Beneath this instruction is a block of data; output from it exactly the lines that run from the one containing "proof (intro exI conjI ballI allI impI)" through the one containing "fix x y \<gamma> t", inclusive.

■ Data provided
::::::
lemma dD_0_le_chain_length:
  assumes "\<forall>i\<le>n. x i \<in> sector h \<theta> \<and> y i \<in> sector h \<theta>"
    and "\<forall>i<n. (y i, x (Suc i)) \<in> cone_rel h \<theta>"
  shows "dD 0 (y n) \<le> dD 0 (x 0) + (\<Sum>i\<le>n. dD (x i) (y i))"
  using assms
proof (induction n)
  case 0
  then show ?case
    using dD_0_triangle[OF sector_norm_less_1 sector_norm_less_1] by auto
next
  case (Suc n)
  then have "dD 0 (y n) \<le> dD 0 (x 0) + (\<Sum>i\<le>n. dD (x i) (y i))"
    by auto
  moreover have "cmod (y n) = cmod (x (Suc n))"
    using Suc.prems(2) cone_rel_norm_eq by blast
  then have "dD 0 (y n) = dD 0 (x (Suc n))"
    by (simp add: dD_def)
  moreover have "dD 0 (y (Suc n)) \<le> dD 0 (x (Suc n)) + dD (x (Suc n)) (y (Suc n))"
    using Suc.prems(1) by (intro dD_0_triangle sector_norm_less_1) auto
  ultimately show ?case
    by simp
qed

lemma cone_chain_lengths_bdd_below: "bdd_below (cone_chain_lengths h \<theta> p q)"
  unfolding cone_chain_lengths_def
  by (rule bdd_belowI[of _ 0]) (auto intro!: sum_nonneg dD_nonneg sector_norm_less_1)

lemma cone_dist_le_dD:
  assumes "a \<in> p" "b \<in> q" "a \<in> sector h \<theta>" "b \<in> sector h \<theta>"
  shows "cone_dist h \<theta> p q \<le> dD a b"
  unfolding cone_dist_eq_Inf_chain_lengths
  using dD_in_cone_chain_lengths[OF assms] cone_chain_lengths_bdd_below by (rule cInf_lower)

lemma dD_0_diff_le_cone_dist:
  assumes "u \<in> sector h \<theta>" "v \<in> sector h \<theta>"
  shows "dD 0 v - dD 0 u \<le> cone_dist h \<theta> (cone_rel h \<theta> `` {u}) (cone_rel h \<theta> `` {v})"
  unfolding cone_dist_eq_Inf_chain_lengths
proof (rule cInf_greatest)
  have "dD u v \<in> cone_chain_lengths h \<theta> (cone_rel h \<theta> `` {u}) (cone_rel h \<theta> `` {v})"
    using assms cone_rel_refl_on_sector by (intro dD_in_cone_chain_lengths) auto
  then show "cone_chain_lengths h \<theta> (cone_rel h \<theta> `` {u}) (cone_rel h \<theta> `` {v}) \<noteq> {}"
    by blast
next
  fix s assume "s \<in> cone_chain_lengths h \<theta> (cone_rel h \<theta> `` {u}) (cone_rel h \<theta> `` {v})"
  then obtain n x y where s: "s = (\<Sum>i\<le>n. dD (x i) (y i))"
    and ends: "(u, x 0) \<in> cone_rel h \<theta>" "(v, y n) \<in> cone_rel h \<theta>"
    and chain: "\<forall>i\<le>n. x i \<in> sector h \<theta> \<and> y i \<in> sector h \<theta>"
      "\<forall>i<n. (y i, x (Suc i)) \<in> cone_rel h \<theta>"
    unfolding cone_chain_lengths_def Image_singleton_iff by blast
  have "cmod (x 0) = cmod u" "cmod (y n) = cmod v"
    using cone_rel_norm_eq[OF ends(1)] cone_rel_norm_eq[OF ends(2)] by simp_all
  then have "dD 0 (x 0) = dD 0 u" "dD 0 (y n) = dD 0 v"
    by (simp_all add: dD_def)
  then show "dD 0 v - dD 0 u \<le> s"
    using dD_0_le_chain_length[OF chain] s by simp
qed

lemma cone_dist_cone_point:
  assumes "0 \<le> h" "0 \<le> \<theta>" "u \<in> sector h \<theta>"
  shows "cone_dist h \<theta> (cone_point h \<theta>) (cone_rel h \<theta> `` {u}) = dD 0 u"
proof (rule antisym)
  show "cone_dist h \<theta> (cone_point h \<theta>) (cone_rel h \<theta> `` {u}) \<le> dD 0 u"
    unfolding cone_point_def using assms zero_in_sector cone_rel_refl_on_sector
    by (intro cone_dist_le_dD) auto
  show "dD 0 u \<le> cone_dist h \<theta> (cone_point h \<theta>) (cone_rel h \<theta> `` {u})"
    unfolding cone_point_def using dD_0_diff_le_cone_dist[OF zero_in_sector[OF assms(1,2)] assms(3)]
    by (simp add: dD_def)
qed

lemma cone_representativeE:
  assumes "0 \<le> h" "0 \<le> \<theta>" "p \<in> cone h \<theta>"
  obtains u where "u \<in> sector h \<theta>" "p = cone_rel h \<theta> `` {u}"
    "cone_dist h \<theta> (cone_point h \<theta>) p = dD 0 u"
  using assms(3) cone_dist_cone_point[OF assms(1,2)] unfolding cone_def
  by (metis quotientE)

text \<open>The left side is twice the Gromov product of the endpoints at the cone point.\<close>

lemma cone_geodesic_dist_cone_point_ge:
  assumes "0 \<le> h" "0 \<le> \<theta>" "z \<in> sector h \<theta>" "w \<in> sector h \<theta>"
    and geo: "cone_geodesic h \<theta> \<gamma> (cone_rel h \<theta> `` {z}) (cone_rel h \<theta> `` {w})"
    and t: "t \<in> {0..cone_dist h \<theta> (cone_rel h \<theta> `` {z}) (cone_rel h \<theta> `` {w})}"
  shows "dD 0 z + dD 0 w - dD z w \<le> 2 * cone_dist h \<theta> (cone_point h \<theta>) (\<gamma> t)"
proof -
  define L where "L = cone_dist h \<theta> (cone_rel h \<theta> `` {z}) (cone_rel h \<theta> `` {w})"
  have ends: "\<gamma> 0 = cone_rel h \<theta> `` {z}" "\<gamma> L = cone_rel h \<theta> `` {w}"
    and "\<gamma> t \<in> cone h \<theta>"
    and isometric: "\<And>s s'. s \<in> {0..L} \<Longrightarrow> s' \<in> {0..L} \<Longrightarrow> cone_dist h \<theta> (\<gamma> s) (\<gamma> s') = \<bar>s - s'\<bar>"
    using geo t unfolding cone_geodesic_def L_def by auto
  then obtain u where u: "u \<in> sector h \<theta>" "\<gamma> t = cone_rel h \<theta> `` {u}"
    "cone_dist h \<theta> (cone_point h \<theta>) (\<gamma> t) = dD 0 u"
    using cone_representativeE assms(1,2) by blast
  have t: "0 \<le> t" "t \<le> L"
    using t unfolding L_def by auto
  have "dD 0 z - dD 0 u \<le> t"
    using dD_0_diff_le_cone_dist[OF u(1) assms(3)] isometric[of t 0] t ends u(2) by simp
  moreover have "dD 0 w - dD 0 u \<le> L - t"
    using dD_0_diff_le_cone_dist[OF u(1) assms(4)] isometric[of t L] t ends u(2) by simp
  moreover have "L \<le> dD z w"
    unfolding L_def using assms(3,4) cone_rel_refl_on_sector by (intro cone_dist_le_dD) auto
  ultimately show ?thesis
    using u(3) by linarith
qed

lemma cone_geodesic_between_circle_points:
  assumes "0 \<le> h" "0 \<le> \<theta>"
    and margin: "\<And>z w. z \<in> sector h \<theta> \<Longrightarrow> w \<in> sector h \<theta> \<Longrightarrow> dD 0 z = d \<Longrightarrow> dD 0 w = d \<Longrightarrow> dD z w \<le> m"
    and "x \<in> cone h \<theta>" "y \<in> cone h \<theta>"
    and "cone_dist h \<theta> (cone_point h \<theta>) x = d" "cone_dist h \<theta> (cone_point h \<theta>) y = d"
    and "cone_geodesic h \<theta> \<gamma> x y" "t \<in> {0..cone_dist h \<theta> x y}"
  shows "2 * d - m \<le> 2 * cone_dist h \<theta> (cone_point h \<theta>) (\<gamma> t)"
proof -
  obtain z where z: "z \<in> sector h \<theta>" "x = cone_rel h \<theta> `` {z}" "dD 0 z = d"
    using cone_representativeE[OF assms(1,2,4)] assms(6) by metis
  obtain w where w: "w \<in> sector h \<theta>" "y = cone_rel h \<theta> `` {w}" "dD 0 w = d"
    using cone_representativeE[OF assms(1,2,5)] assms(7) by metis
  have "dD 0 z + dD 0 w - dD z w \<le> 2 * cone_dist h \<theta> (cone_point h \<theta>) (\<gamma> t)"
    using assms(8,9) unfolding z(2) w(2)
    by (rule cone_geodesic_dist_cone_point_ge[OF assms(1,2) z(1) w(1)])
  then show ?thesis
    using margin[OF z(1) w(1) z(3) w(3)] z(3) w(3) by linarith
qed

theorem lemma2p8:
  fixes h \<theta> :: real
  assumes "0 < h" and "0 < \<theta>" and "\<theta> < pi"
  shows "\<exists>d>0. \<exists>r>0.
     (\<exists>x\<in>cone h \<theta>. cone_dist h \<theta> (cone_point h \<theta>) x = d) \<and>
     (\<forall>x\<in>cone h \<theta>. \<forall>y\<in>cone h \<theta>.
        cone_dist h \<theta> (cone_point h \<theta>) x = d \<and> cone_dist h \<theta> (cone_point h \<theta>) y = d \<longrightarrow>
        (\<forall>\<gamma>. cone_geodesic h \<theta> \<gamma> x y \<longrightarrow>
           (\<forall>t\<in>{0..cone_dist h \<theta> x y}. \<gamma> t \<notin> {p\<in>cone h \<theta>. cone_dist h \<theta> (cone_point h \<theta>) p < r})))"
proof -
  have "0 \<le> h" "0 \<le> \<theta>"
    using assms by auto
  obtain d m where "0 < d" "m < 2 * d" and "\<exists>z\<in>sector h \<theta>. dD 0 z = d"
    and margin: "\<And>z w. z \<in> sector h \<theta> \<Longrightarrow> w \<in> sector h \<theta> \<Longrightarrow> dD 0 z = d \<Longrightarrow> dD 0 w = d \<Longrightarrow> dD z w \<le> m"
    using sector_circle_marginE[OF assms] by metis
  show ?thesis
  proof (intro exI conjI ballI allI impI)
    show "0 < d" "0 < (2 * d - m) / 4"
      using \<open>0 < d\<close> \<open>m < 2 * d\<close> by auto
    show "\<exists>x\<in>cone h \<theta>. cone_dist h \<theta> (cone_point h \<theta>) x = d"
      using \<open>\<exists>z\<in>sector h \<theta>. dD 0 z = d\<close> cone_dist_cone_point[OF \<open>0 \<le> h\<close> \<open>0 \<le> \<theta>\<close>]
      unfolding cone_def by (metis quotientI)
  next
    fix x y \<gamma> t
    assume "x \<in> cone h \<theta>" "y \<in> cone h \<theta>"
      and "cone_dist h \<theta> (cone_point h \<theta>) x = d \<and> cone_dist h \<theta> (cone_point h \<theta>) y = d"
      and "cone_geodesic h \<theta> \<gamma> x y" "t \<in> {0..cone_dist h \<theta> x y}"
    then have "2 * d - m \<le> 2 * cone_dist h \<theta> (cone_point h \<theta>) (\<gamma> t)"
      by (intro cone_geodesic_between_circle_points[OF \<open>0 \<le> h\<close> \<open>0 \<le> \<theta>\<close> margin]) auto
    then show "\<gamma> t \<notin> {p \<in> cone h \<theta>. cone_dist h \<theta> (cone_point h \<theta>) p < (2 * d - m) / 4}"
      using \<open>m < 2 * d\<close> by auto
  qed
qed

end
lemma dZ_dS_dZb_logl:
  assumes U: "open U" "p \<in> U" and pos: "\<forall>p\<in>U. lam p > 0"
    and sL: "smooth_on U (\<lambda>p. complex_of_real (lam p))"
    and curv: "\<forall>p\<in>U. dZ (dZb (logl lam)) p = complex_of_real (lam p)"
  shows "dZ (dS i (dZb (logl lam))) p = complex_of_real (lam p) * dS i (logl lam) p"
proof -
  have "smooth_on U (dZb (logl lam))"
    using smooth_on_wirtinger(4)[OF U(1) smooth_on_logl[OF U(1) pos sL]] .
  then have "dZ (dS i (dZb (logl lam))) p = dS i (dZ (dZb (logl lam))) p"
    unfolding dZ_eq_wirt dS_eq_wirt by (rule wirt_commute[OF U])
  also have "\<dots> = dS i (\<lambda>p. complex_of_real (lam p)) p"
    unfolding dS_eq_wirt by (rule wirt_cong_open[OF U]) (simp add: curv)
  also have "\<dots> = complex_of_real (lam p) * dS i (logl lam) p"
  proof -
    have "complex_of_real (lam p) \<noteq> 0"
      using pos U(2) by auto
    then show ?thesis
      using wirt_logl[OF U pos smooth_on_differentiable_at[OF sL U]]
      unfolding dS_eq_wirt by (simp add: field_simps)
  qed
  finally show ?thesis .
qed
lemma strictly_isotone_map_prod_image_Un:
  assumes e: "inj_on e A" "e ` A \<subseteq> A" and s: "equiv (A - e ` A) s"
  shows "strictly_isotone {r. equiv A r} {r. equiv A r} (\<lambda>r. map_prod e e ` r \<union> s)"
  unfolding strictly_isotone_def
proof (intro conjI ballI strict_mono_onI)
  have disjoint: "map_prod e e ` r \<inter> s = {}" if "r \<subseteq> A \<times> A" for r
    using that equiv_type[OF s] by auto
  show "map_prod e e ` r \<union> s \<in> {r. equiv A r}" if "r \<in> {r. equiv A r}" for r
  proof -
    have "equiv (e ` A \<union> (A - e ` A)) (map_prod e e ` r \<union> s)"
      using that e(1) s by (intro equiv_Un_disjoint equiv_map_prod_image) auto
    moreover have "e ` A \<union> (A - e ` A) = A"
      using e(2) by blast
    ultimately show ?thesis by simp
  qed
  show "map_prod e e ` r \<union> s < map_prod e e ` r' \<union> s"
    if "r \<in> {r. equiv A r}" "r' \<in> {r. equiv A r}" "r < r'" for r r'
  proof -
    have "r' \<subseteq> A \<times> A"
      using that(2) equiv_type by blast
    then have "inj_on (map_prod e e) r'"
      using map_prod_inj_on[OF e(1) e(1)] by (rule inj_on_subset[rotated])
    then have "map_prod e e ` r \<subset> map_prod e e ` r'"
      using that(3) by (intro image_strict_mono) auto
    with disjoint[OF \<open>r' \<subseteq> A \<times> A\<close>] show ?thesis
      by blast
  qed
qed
::::::
■ Final answer
  proof (intro exI conjI ballI allI impI)
    show "0 < d" "0 < (2 * d - m) / 4"
      using \<open>0 < d\<close> \<open>m < 2 * d\<close> by auto
    show "\<exists>x\<in>cone h \<theta>. cone_dist h \<theta> (cone_point h \<theta>) x = d"
      using \<open>\<exists>z\<in>sector h \<theta>. dD 0 z = d\<close> cone_dist_cone_point[OF \<open>0 \<le> h\<close> \<open>0 \<le> \<theta>\<close>]
      unfolding cone_def by (metis quotientI)
  next
    fix x y \<gamma> t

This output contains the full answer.